WHAT THE TASK ASKS:
How many lines in the material below contain the word "real"? Write only the number.

ENTRIES SUPPLIED:
──────────
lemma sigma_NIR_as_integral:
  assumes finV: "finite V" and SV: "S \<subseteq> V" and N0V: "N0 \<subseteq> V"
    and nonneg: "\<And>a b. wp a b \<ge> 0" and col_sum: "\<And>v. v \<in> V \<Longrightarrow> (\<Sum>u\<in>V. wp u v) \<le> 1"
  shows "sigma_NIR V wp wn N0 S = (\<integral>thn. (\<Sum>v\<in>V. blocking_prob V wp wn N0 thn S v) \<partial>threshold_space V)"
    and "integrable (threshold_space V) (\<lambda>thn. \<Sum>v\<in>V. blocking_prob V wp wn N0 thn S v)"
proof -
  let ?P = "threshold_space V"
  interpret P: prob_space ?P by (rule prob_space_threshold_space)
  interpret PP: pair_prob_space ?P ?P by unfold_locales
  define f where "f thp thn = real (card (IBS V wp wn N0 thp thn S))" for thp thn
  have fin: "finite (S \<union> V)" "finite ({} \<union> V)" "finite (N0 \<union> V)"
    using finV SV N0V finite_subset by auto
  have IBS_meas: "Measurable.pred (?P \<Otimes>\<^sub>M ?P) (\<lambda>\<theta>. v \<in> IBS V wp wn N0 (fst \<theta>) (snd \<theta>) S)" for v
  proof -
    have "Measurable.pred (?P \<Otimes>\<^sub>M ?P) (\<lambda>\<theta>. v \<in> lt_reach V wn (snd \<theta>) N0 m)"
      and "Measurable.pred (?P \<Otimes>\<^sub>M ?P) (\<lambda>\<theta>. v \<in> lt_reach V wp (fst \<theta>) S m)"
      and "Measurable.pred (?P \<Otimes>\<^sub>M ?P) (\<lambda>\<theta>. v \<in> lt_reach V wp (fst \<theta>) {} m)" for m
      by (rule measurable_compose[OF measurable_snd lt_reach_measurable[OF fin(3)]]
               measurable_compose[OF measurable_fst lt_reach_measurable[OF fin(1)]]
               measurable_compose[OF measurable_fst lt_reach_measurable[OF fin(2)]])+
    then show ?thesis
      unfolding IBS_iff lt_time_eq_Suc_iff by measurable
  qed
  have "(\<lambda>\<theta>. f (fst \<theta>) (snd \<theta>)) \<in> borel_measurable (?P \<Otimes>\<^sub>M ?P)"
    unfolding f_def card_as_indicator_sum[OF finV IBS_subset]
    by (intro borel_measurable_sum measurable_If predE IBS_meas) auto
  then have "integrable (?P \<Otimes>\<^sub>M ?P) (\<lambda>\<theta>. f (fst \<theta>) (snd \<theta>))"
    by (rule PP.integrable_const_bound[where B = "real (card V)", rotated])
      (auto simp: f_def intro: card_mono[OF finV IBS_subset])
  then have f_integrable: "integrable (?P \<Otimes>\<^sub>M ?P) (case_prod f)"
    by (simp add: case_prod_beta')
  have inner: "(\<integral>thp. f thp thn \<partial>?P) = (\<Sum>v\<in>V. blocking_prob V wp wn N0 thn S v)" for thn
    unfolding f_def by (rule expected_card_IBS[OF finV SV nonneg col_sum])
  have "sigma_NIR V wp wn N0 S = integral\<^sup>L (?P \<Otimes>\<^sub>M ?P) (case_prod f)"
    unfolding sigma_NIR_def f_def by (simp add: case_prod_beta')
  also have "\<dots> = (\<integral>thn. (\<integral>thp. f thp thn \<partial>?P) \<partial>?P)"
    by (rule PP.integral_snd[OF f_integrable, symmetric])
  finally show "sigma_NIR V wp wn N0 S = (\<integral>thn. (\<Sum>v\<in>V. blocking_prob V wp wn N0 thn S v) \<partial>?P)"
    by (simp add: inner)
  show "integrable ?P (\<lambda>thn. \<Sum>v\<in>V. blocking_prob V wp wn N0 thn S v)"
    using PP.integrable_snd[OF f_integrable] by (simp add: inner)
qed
──────────
WRITTEN REPLY:
2